Intelligence services in countries like Saudi Arabia and the UAE, though, sometimes respond to evidence submitted by India’s Research and Analysis Wing by simply deporting suspects—allowing police to arrest them on their return.
Following the revocation of Article 370 clauses in 2019, the Jammu and Kashmir Police had begun an aggressive crackdown on the use of social media—critical to the massive, Islamist-led mobilisation which swept aside Indian state power in 2016. Key online activists were, controversially, threatened with prosecution for postings the authorities argued were inflammatory.
Investigations, however, led authorities to the conclusion that critical figures in the secessionist online campaign were living overseas. Efforts against these networks led, among other things, to the deportation from the UAE of Shaukat Ahmad Dar—who, using the pseudonymous social media handle ‘Hamza Hizbi’, had threatened officials with execution-style killings.

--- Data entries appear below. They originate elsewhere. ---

lemma defect_01: "defect W \<xi> \<Psi> 0 1 =
    (- W $ 0 $ 1 * W $ 2 $ 2 * coef01 \<xi> 0 + W $ 0 $ 2 * W $ 2 $ 1 * coef01 \<xi> 0) * wedge10_coef \<xi> \<Psi> 0
    + (W $ 0 $ 1 * W $ 1 $ 2 * coef01 \<xi> 2 - W $ 0 $ 2 * W $ 1 $ 1 * coef01 \<xi> 2 + W $ 1 $ 1 * W $ 2 $ 2 * coef01 \<xi> 0 - W $ 1 $ 2 * W $ 2 $ 1 * coef01 \<xi> 0) * wedge10_coef \<xi> \<Psi> 1
    + (- W $ 0 $ 1 * W $ 2 $ 2 * coef01 \<xi> 2 + W $ 0 $ 2 * W $ 2 $ 1 * coef01 \<xi> 2) * wedge10_coef \<xi> \<Psi> 2
    + (W $ 0 $ 0 * W $ 2 $ 1 * coef10 \<xi> 2 - W $ 0 $ 0 * W $ 2 $ 2 * coef10 \<xi> 1 - W $ 0 $ 1 * W $ 2 $ 0 * coef10 \<xi> 2 + W $ 0 $ 1 * W $ 2 $ 2 * coef10 \<xi> 0 + W $ 0 $ 2 * W $ 2 $ 0 * coef10 \<xi> 1 - W $ 0 $ 2 * W $ 2 $ 1 * coef10 \<xi> 0) * wedge01_coef \<xi> \<Psi> 0"
  unfolding defect_def sign11_def wedge10_coef_def wedge01_coef_def trace22_def lower22_def matrix_mult3_entry mat22_def adj3_def
  by (simp add: sum_3 third_def type_3_add_simps algebra_simps)

lemma defect_02: "defect W \<xi> \<Psi> 0 2 =
    (- W $ 0 $ 1 * W $ 1 $ 2 * coef01 \<xi> 0 + W $ 0 $ 2 * W $ 1 $ 1 * coef01 \<xi> 0) * wedge10_coef \<xi> \<Psi> 0
    + (W $ 0 $ 1 * W $ 1 $ 2 * coef01 \<xi> 1 - W $ 0 $ 2 * W $ 1 $ 1 * coef01 \<xi> 1) * wedge10_coef \<xi> \<Psi> 1
    + (- W $ 0 $ 1 * W $ 2 $ 2 * coef01 \<xi> 1 + W $ 0 $ 2 * W $ 2 $ 1 * coef01 \<xi> 1 + W $ 1 $ 1 * W $ 2 $ 2 * coef01 \<xi> 0 - W $ 1 $ 2 * W $ 2 $ 1 * coef01 \<xi> 0) * wedge10_coef \<xi> \<Psi> 2
    + (W $ 0 $ 0 * W $ 1 $ 1 * coef10 \<xi> 2 - W $ 0 $ 0 * W $ 1 $ 2 * coef10 \<xi> 1 - W $ 0 $ 1 * W $ 1 $ 0 * coef10 \<xi> 2 + W $ 0 $ 1 * W $ 1 $ 2 * coef10 \<xi> 0 + W $ 0 $ 2 * W $ 1 $ 0 * coef10 \<xi> 1 - W $ 0 $ 2 * W $ 1 $ 1 * coef10 \<xi> 0) * wedge01_coef \<xi> \<Psi> 0"
  unfolding defect_def sign11_def wedge10_coef_def wedge01_coef_def trace22_def lower22_def matrix_mult3_entry mat22_def adj3_def
  by (simp add: sum_3 third_def type_3_add_simps algebra_simps)
(* Let $k\ge3$ and let $u\in I_k$ be a renewed vertex. Then for every $n\ge1$ and every $v\in I^u_n$: (i) $\sigma(v)\subseteq\tilde I^u_n$; (ii) $\alpha_i(v)\subseteq I^u_{n-i}$ for each $0\le i\le n$. Moreover, $I^u_n\subseteq\mathcal U^u_n$ for every $n\ge0$, and for every $m\ge k$, every $v\in V^u_{m-k}$ and every $v'\in V_m\setminus V^u_{m-k}$, any path in $G_m$ from $v$ to $v'$ passes through $u$.
   Context: Ulam–Harris labels: $\mathcal U_n=\mathbb N^n$ ($n\ge0$, $\mathcal U_0=\{\emptyset\}$), $\mathcal U=\bigcup_{n\ge0}\mathcal U_n$; for $u=u_1\dots u_k$, $v=v_1\dots v_l$ write $uv=u_1\dots u_kv_1\dots v_l$. Fix $p>-1$, $q\in[0,1]$, and let $(\xi_u)_{u\in\mathcal U}$ be i.i.d. Poisson with mean $1+p$, and $(\delta_{u,v})_{u,v\in\mathcal U}$, $(\mu_{\{u,v\}})_{u\ne v\in\mathcal U}$ i.i.d. Bernoulli with mean $q$, all independent. The process $\mathcal G(p,q)=(G_n)_{n\ge0}$, $G_n=(V_n,E_n)$: $G_0=(\{\emptyset\},\emptyset)$, and $I_m=V_m\cap\mathcal U_m$. Given $G_{n-1}$ ($n\ge1$): (1) for $u\in I_{n-1}$ let $\mathcal K_u=\{v\in V_{n-1}:d_{G_{n-1}}(u,v)=3\}$ and $\mathcal C_u=\{j\in\mathbb N:j\le\xi_u,\ \delta_{v,uj}=0\ \forall v\in\mathcal K_u\}$; let $\tilde G_n$ have vertex set $V_{n-1}\cup\{ui:u\in I_{n-1},i\in\mathcal C_u\}$ and edge set $E_{n-1}\cup\{\{u,ui\}:u\in I_{n-1},i\in\mathcal C_u\}$, and $\tilde I_n$ its set of vertices in $\mathcal U_n$. (2) For $u,v\in\tilde I_n$ write $u\overset{m}{\sim}v$ iff $d_{\tilde G_n}(u,v)=4$ and $\mu_{\{u,v\}}=1$; let $\sim$ be the equivalence relation on $\tilde I_n$ generated by $\overset m\sim$, and $\pi(u)$ the lexicographically smallest element of the class of $u$. Then $V_n=V_{n-1}\cup\{\pi(u):u\in\tilde I_n\}$, $E_n=E_{n-1}\cup\{\{v,\pi(vi)\}:v\in I_{n-1},i\in\mathcal C_v\}$. Notation: for $w\in I_n$, $\alpha(w)=\bigcup_{0\le j\le n}\{x\in I_{n-j}:d_{G_n}(x,w)=j\}$ and $\alpha_i(w)=\alpha(w)\cap I_{n-i}$ for $i\le n$. For $v\in I_n$, $\sigma(v)=\{\tilde v\in\tilde I_n:\tilde v\sim v\}$. A vertex $v\in I_n$ ($n\ge3$) is renewed if exactly three vertices $w\in V_n$ satisfy $1\le d_{G_n}(v,w)\le3$. For $u\in I_k$ and $n\ge0$: $I^u_n=\{v\in I_{k+n}:u\in\alpha(v)\}$, $V^u_n=\bigcup_{j\le n}I^u_j$, $\mathcal U^u_n=\{uv:v\in\mathcal U_n\}$, and for $n\ge1$, $\tilde I^u_n=\{wi:w\in I^u_{n-1},\ wi\in\tilde I_{k+n}\}$. *)

theory Defs
  imports Main "HOL-Library.Extended_Nat" "HOL-Library.List_Lexorder"
begin

text \<open>Ulam-Harris labels are lists of positive naturals; a graph is a pair
 (vertex set, edge set), edges being two-element sets.
 A realization of the randomness is given by
   xi :: label => nat             (the Poisson variables xi_u),
   de :: label => label => bool   (the Bernoulli variables delta_{u,v}),
   mu :: label set => bool        (the Bernoulli variables mu_{u,v}, indexed by unordered pairs).\<close>

type_synonym label = "nat list"
type_synonym graph = "label set \<times> label set set"

definition ulam :: "nat \<Rightarrow> label set" where
  "ulam n = {v. length v = n \<and> (\<forall>x\<in>set v. 1 \<le> x)}"

definition walk :: "graph \<Rightarrow> label list \<Rightarrow> bool" where
  "walk G xs \<longleftrightarrow> xs \<noteq> [] \<and> set xs \<subseteq> fst G \<and>
     (\<forall>i. Suc i < length xs \<longrightarrow> {xs ! i, xs ! Suc i} \<in> snd G)"

definition gpath :: "graph \<Rightarrow> label list \<Rightarrow> bool" where
  "gpath G xs \<longleftrightarrow> walk G xs \<and> distinct xs"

In other cases—notably that of Srinagar resident Sajjad Gul and Sopore resident Rayees Mir, accused of issuing the online calls that led to the assassination of journalist Shujaat Bukhari—the suspects could not be deported, since they had fled to Pakistan.
“The real concern with delays like the one we’ve seen in the Dar case,” the intelligence official said, “is that it allows perpetrators time to escape to countries from where we cannot seek their return.”
Intelligence sources said Pakistan’s spy services worked systematically from 2008 to amplify secessionist voices, setting up hundreds of thousands of mutually reinforcing fake handles on Facebook and Twitter—a common strategy of modern political propagandists.
Lacking a credible leadership within Kashmir itself, police sources told News18, the secessionist movement has now become increasingly dependent on loosely organised circles of online activists based in Europe, Turkey and the Persian Gulf states.
The more influential secessionist voices in the diaspora include Nazir Shawl, a former academic who runs an activist centre based in London, United States-based architect Aziz ‘Tony’ Ashai, Australia-based businessman Mubeen Shah and ailing Islamist leader Syed Ali Shah Geelani’s Istanbul-based granddaughter Ruwa Shah.
“In some of these cases, the individuals concerned are protected by the free-speech laws of the countries they live in, and you could argue what they say constitutes legitimate political opinion,” said a Kashmir-based government official familiar with the Dar case. “There are other cases involving express calls to violence, often targeting individuals or glorifying jihadists, which are crimes by most countries’ standards.”